# [WHAT IS REQUIRED]
One figure is the whole answer: the number of lines below that contain the word "exists".

# [Saved data entries]
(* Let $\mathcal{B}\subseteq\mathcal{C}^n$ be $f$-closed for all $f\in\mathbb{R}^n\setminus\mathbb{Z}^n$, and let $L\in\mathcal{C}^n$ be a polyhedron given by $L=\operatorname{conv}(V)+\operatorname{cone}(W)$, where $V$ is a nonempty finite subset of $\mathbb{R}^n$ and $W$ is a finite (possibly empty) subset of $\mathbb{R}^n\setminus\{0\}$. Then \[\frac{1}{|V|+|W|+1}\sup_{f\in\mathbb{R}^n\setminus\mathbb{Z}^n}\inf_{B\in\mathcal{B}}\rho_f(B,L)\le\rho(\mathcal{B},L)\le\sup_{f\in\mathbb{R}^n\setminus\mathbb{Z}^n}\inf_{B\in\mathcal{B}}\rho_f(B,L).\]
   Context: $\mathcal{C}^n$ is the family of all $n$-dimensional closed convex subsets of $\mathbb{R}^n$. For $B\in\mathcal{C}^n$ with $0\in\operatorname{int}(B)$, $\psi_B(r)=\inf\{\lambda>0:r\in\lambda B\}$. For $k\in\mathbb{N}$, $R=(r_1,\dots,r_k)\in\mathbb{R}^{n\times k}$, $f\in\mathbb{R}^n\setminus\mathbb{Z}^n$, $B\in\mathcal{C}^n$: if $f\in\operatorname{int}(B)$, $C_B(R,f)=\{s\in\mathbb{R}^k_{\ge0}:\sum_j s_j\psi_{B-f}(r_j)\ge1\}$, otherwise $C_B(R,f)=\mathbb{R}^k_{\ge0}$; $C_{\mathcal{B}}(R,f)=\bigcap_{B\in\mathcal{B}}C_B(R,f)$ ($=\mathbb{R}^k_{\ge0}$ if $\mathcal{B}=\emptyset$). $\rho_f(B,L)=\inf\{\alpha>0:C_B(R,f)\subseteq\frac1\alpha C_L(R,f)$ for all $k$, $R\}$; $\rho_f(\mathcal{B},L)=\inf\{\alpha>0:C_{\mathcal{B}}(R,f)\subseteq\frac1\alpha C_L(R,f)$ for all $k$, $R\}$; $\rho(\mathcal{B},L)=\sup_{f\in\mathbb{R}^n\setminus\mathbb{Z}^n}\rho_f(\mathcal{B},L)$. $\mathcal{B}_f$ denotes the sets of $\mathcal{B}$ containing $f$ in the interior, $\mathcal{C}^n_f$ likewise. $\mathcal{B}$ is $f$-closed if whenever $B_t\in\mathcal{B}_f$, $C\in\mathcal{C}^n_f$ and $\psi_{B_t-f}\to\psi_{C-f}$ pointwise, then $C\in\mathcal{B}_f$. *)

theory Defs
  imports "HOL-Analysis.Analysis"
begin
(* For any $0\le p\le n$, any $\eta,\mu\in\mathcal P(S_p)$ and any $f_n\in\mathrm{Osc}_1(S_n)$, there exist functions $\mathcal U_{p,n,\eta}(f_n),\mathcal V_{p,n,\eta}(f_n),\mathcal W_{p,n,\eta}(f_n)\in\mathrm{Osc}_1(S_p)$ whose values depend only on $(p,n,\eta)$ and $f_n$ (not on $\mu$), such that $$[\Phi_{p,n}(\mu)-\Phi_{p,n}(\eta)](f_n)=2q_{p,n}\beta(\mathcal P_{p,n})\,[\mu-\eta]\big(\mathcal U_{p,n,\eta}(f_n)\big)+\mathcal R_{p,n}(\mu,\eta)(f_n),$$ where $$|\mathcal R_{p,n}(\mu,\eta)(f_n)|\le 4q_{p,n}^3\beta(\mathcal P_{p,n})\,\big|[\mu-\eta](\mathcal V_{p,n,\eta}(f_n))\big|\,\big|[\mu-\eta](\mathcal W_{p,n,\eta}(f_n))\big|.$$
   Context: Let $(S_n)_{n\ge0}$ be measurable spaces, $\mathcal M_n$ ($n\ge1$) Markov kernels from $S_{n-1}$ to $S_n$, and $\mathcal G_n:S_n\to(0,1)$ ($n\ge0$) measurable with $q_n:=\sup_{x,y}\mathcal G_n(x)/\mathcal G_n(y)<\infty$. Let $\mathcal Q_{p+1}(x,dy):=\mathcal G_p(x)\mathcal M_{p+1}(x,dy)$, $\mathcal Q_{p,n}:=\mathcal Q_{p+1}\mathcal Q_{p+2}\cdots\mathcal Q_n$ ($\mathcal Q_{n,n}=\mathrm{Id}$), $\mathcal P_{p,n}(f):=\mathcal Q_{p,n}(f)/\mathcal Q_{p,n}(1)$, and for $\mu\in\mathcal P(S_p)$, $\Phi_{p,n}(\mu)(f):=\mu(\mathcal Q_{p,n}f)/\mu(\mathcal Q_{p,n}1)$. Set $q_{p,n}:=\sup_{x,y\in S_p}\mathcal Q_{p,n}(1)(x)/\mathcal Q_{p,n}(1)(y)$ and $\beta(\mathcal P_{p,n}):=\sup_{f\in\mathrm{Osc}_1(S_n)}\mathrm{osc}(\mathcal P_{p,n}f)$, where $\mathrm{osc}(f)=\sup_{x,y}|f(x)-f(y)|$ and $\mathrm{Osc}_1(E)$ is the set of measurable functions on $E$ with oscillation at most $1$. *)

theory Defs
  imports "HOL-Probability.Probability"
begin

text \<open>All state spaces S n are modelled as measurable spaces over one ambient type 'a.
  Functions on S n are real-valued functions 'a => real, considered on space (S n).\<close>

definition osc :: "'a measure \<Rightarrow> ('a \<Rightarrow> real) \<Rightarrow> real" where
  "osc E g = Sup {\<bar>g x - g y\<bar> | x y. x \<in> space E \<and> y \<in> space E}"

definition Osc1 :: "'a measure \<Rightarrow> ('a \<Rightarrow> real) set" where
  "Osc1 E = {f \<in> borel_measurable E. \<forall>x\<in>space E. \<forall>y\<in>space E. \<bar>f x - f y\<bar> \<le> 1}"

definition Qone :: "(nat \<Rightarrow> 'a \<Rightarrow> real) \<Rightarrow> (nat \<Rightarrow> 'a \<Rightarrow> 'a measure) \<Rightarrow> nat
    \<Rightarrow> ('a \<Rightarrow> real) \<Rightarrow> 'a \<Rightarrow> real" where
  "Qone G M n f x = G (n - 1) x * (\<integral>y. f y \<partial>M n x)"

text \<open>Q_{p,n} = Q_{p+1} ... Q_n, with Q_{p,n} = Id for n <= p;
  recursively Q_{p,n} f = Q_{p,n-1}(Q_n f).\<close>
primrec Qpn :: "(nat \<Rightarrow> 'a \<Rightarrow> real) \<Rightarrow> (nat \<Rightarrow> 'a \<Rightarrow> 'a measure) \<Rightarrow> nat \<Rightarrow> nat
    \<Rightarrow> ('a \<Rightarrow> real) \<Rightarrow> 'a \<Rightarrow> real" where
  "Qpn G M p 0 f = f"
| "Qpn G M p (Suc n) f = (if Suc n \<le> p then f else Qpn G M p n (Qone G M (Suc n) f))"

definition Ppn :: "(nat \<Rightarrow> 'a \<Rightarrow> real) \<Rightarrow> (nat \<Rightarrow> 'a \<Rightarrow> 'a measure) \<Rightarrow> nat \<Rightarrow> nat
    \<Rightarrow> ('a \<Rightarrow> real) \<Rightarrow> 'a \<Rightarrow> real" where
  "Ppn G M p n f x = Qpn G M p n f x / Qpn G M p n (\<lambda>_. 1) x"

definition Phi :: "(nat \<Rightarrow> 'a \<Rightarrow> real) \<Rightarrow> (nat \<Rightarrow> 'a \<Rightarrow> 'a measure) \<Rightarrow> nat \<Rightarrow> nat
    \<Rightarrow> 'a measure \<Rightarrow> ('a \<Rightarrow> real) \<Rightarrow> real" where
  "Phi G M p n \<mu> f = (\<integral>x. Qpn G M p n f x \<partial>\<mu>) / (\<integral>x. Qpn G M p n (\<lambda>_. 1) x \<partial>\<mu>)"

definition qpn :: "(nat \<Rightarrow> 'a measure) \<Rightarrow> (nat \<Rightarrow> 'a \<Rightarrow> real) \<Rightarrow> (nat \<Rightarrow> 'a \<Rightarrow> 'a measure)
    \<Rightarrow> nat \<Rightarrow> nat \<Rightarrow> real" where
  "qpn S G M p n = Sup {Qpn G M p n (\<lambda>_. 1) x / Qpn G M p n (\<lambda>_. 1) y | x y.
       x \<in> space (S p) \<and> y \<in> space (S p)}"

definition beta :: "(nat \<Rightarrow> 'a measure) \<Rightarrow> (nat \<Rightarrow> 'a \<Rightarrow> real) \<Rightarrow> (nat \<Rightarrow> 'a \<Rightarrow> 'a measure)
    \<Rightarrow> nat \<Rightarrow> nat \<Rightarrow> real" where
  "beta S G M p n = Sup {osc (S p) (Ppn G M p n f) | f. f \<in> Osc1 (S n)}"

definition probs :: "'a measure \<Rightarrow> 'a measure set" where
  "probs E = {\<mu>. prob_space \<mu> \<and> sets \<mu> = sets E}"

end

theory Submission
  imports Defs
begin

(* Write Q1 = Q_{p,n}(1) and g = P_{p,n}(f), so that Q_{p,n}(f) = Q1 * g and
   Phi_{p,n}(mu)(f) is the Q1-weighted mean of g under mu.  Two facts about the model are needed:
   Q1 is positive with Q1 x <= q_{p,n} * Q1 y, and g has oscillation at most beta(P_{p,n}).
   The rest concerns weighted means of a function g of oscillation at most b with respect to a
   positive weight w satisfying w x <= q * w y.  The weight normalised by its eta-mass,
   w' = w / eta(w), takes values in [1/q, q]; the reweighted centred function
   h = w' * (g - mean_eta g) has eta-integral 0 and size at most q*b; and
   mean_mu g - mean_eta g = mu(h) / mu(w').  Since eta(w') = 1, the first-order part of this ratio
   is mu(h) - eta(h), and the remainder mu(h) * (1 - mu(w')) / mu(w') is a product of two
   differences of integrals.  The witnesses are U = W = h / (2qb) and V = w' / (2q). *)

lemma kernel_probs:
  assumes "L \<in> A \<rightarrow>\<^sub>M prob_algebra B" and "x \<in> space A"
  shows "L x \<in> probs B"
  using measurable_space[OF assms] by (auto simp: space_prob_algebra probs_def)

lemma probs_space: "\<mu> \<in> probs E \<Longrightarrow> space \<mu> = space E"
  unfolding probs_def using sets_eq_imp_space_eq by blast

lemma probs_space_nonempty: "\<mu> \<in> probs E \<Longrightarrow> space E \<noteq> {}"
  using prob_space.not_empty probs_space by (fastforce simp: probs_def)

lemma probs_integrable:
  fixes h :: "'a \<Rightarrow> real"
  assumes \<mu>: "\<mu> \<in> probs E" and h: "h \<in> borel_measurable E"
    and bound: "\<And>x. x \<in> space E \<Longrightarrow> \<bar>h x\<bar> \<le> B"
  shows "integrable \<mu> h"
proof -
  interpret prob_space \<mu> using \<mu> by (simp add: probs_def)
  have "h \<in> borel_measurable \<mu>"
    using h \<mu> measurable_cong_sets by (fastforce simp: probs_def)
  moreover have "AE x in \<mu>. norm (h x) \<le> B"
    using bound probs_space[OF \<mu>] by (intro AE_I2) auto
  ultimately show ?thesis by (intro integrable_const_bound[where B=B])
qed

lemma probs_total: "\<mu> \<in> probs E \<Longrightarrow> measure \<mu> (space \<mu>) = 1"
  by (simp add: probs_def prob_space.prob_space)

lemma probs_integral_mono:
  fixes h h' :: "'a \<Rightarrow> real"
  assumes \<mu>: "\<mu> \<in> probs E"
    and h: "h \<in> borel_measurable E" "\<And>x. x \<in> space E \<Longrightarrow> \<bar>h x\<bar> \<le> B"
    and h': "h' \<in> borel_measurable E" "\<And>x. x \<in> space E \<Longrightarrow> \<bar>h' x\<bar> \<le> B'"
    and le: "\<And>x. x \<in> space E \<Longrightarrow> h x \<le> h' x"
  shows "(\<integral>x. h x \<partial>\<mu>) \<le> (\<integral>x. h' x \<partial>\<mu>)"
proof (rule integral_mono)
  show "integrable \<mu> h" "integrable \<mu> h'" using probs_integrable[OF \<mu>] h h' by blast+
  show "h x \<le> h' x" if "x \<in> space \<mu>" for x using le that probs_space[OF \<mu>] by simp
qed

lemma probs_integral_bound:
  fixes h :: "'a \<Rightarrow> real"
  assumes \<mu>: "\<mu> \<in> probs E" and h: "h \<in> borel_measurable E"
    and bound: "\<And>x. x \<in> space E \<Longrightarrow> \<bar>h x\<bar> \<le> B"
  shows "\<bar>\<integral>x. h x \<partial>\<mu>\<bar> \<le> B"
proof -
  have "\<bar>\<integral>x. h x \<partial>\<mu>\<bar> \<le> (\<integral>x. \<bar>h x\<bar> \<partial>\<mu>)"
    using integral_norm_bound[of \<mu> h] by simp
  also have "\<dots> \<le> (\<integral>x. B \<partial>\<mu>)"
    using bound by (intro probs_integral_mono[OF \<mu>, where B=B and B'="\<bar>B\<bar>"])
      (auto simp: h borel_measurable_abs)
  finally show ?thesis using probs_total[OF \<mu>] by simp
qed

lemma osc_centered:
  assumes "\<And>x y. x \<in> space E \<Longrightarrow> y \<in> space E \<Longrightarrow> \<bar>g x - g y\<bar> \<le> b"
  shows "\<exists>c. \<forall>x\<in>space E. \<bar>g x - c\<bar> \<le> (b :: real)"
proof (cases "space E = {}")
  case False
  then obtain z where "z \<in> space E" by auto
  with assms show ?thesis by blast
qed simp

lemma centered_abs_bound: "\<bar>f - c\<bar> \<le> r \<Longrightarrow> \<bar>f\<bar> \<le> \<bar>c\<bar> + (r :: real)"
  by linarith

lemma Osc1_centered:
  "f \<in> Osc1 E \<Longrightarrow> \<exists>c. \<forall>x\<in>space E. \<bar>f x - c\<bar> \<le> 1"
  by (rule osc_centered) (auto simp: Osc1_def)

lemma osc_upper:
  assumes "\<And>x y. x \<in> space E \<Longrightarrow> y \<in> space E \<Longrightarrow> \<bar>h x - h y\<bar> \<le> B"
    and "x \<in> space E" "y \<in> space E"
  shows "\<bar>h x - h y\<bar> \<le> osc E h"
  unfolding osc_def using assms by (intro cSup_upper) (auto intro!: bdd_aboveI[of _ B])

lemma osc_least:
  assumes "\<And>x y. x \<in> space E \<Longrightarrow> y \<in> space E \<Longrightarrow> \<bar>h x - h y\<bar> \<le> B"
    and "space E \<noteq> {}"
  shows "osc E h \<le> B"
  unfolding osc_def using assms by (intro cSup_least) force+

# [TASK ANSWER]
2